lemma ergodic_AE_invariant_set:
  assumes erg: "ergodic N R" and A: "A \<in> sets N"
    and inv: "AE z in N. R z \<in> A \<longleftrightarrow> z \<in> A"
  shows "(AE z in N. z \<in> A) \<or> (AE z in N. z \<notin> A)"
proof -
  have ns: "nonsingular N R" using erg by (simp add: ergodic_def)
  have R: "R \<in> N \<rightarrow>\<^sub>M N" using ns by (simp add: nonsingular_def)
  \<comment> \<open>The set of points visiting A infinitely often is invariant everywhere, not only mod 0.\<close>
  define A' where "A' = limsup (\<lambda>n. (R ^^ n) -` A \<inter> space N)"
  have A'_iff: "z \<in> A' \<longleftrightarrow> z \<in> space N \<and> (\<exists>\<^sub>F n in sequentially. (R ^^ n) z \<in> A)" for z
    by (auto simp: A'_def mem_limsup_iff frequently_def dest: eventually_happens')
  have A'_sets: "A' \<in> sets N"
    unfolding A'_def using A measurable_compose_n[OF R] by (intro measurable_limsup measurable_sets)
  have frequently_shift: "(\<exists>\<^sub>F n in sequentially. (R ^^ n) (R z) \<in> A) \<longleftrightarrow>
      (\<exists>\<^sub>F n in sequentially. (R ^^ n) z \<in> A)" for z
  proof -
    have "(R ^^ n) (R z) = (R ^^ Suc n) z" for n by (simp add: funpow_Suc_right del: funpow.simps)
    then show ?thesis
      using eventually_sequentially_Suc[of "\<lambda>n. (R ^^ n) z \<notin> A"]
      by (simp add: frequently_def del: funpow.simps eventually_sequentially_Suc)
  qed
  have "R -` A' \<inter> space N = A'"
    using measurable_space[OF R] by (auto simp: A'_iff frequently_shift)
  then have A'_trivial: "emeasure N A' = 0 \<or> emeasure N (space N - A') = 0"
    using erg A'_sets by (simp add: ergodic_def)
  have "AE z in N. \<forall>n. (R ^^ n) z \<in> A \<longleftrightarrow> z \<in> A"
    using ns inv by (rule AE_nonsingular_invariant_funpow)
  then have same: "AE z in N. z \<in> A' \<longleftrightarrow> z \<in> A"
    using AE_space by eventually_elim (simp add: A'_iff)
  from A'_trivial show ?thesis
  proof
    assume "emeasure N A' = 0"
    then have "AE z in N. z \<notin> A'" using A'_sets by (intro AE_not_in) (simp add: null_sets_def)
    with same have "AE z in N. z \<notin> A" by eventually_elim simp
    then show ?thesis ..
  next
    assume "emeasure N (space N - A') = 0"
    then have "AE z in N. z \<notin> space N - A'" using A'_sets by (intro AE_not_in) (auto simp: null_sets_def)
    with same AE_space have "AE z in N. z \<in> A" by eventually_elim auto
    then show ?thesis ..
  qed
qed
(* Let $\mathcal H$ be a Berge-$C_4$-free hypergraph (multi-hyperedges allowed), and let $H$ be a colored graph on the vertex set of $\mathcal H$ obtained as follows: for each hyperedge $h\in\mathcal H$ with $|h|\ge 4$, one places $|h|-3$ edges on vertices of $h$ such that the set of edges placed in $h$ forms a collection of pairwise vertex-disjoint triangles and single edges, and each edge placed in $h$ receives color $h$ (each edge of $H$ has exactly one color). Let $v$ be any vertex of $H$, let $d(v)$ be its degree in $H$, let $N_1(v)=\{x : vx\in E(H)\}$ and $N_2(v)=\{y\notin N_1(v)\cup\{v\} : \exists x\in N_1(v) \text{ with } xy\in E(H)\}$. Let $G=H[N_1(v)]$ be the subgraph of $H$ induced by $N_1(v)$. Let $G_{aux}$ be the graph on vertex set $N_1(v)$ in which $x\neq y$ are adjacent if and only if there exists $w\in N_2(v)$ with $wx,wy\in E(H)$, and let $G'_{aux}$ be the graph on $N_1(v)$ whose edge set is $E(G_{aux})\setminus E(G)$. Then the number of edges of $G'_{aux}$ satisfies $$|E(G'_{aux})| < d(v)^{9/5}.$$
   Context: A Berge cycle of length $k$ in a hypergraph is an alternating sequence $v_1,h_1,\ldots,v_k,h_k$ of distinct vertices and distinct hyperedges with $v_i,v_{i+1}\in h_i$ for $1\le i\le k-1$ and $v_k,v_1\in h_k$; Berge-$C_4$-free means no such sequence with $k=4$ exists. In $H$, an edge $xy$ "has color $h$" if it was placed inside hyperedge $h$. $xy$ denotes the pair $\{x,y\}$. *)

theory Defs
  imports Complex_Main
begin

text \<open>Hypergraph: finite vertex set V, finite set of hyperedge labels E (allowing
multi-hyperedges), hyperedge contents hh :: 'e => 'v set.\<close>

definition berge_C4_free :: "'e set \<Rightarrow> ('e \<Rightarrow> 'v set) \<Rightarrow> bool" where
  "berge_C4_free E hh \<longleftrightarrow>
     \<not> (\<exists>v1 v2 v3 v4 e1 e2 e3 e4.
          distinct [v1, v2, v3, v4] \<and> distinct [e1, e2, e3, e4] \<and>
          e1 \<in> E \<and> e2 \<in> E \<and> e3 \<in> E \<and> e4 \<in> E \<and>
          v1 \<in> hh e1 \<and> v2 \<in> hh e1 \<and>
          v2 \<in> hh e2 \<and> v3 \<in> hh e2 \<and>
          v3 \<in> hh e3 \<and> v4 \<in> hh e3 \<and>
          v4 \<in> hh e4 \<and> v1 \<in> hh e4)"
lemma transforms_by_Borel_iff_GL2:
  fixes psi :: "'f::field m2 \<Rightarrow> 'k::field"
  assumes F: "nonarch_local_field v p" and pi: "smooth_rep v scale act"
    and chi: "smooth_char_T v chi"
    and psi: "char_G psi" "\<forall>g\<in>Borel. psi g = inflate chi g"
  shows "transforms_by Borel (inflate chi) scale act w \<longleftrightarrow> transforms_by GL2 psi scale act w"
proof
  assume w: "transforms_by Borel (inflate chi) scale act w"
  interpret vector_space scale
    using smooth_rep_vector_space[OF pi] .
  show "transforms_by GL2 psi scale act w"
    unfolding transforms_by_def
  proof
    fix g :: "'f m2"
    assume "g \<in> GL2"
    then obtain b x b' where b: "b \<in> Borel" "b' \<in> Borel" and g: "g = m2mul b (m2mul (M2 1 0 x 1) b')"
      by (rule GL2_Borel_lower_Borel)
    have GL: "b \<in> GL2" "b' \<in> GL2"
      using b Borel_subset_GL2 by blast+
    have "act g w = act b (act (M2 1 0 x 1) (scale (psi b') w))"
      using w b psi(2) GL unfolding g transforms_by_def
      by (simp add: smooth_rep_act_m2mul3[OF pi] lower_unipotent_in_GL2)
    also have "\<dots> = scale (psi b * psi b') w"
      using w b psi(2) GL transforms_by_Borel_lower_unipotent[OF F pi chi w]
      unfolding transforms_by_def
      by (simp add: smooth_rep_act_scale[OF pi] lower_unipotent_in_GL2 mult.commute)
    also have "\<dots> = scale (psi g) w"
      using inflate_extension_lower_unipotent[OF chi psi] char_G_Bruhat_product[OF psi(1) GL]
        char_G_lower_unipotent_eq_upper[OF psi(1)] g by simp
    finally show "act g w = scale (psi g) w" .
  qed
next
  assume "transforms_by GL2 psi scale act w"
  then show "transforms_by Borel (inflate chi) scale act w"
    using psi(2) Borel_subset_GL2 unfolding transforms_by_def by auto
qed

theorem lemma5p1:
  fixes v :: "'f::field \<Rightarrow> int" and p :: nat
    and chi :: "'f \<Rightarrow> 'f \<Rightarrow> 'k::field"
    and scale :: "'k \<Rightarrow> 'v::ab_group_add \<Rightarrow> 'v"
    and act :: "'f m2 \<Rightarrow> 'v \<Rightarrow> 'v"
  assumes F: "nonarch_local_field v p"
    and k: "is_Fpbar p TYPE('k)"
    and chi: "smooth_char_T v chi"
    and pi: "smooth_rep v scale act"
    and nz: "\<exists>f\<in>Hom_char Borel (inflate chi) scale act. f \<noteq> (\<lambda>_. 0)"
  shows "(\<exists>psi. char_G psi \<and> (\<forall>g\<in>Borel. psi g = inflate chi g)) \<and>
         (\<forall>psi1 psi2. char_G psi1 \<and> (\<forall>g\<in>Borel. psi1 g = inflate chi g) \<and>
                      char_G psi2 \<and> (\<forall>g\<in>Borel. psi2 g = inflate chi g) \<longrightarrow>
                      (\<forall>g\<in>GL2. psi1 g = psi2 g)) \<and>
         (\<forall>psi. char_G psi \<and> (\<forall>g\<in>Borel. psi g = inflate chi g) \<longrightarrow>
                Hom_char Borel (inflate chi) scale act = Hom_char GL2 psi scale act)"
proof -
  have vs: "vector_space scale"
    using smooth_rep_vector_space[OF pi] .
  have lin: "\<forall>g\<in>H. Vector_Spaces.linear scale scale (act g)" if "H \<subseteq> GL2" for H
    using that smooth_rep_linear[OF pi] by blast
  obtain w where "w \<noteq> 0" and w: "transforms_by Borel (inflate chi) scale act w"
    using nz Hom_char_nonzero_obtain_transforms_by[OF vs lin[OF Borel_subset_GL2]] by blast
  then have "chi a d = chi (a * d) 1" if "a \<noteq> 0" "d \<noteq> 0" for a d
    using transforms_by_Borel_factors_through_det[OF F pi chi w] that by blast
  then have "char_G (det_char chi) \<and> (\<forall>g\<in>Borel. det_char chi g = inflate chi g)"
    using char_G_det_char[OF chi] det_char_eq_inflate[of chi] by blast
  moreover have "\<forall>g\<in>GL2. psi1 g = psi2 g"
    if "char_G psi1" "\<forall>g\<in>Borel. psi1 g = inflate chi g" "char_G psi2" "\<forall>g\<in>Borel. psi2 g = inflate chi g"
    for psi1 psi2
    using char_G_determined_by_Borel[of psi1 psi2] that by simp
  moreover have "Hom_char Borel (inflate chi) scale act = Hom_char GL2 psi scale act"
    if "char_G psi" "\<forall>g\<in>Borel. psi g = inflate chi g" for psi
    using Hom_char_eqI[OF vs lin[OF Borel_subset_GL2] lin[OF order_refl]]
      transforms_by_Borel_iff_GL2[OF F pi chi that] by blast
  ultimately show ?thesis
    by blast
qed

**Assignment**
Referring to the material above, set down exactly the lines between the line with "define A' where" and the line with "unfolding A'_def using", inclusive, and no other lines.

**Response to the exercise**
  define A' where "A' = limsup (\<lambda>n. (R ^^ n) -` A \<inter> space N)"
  have A'_iff: "z \<in> A' \<longleftrightarrow> z \<in> space N \<and> (\<exists>\<^sub>F n in sequentially. (R ^^ n) z \<in> A)" for z
    by (auto simp: A'_def mem_limsup_iff frequently_def dest: eventually_happens')
  have A'_sets: "A' \<in> sets N"
    unfolding A'_def using A measurable_compose_n[OF R] by (intro measurable_limsup measurable_sets)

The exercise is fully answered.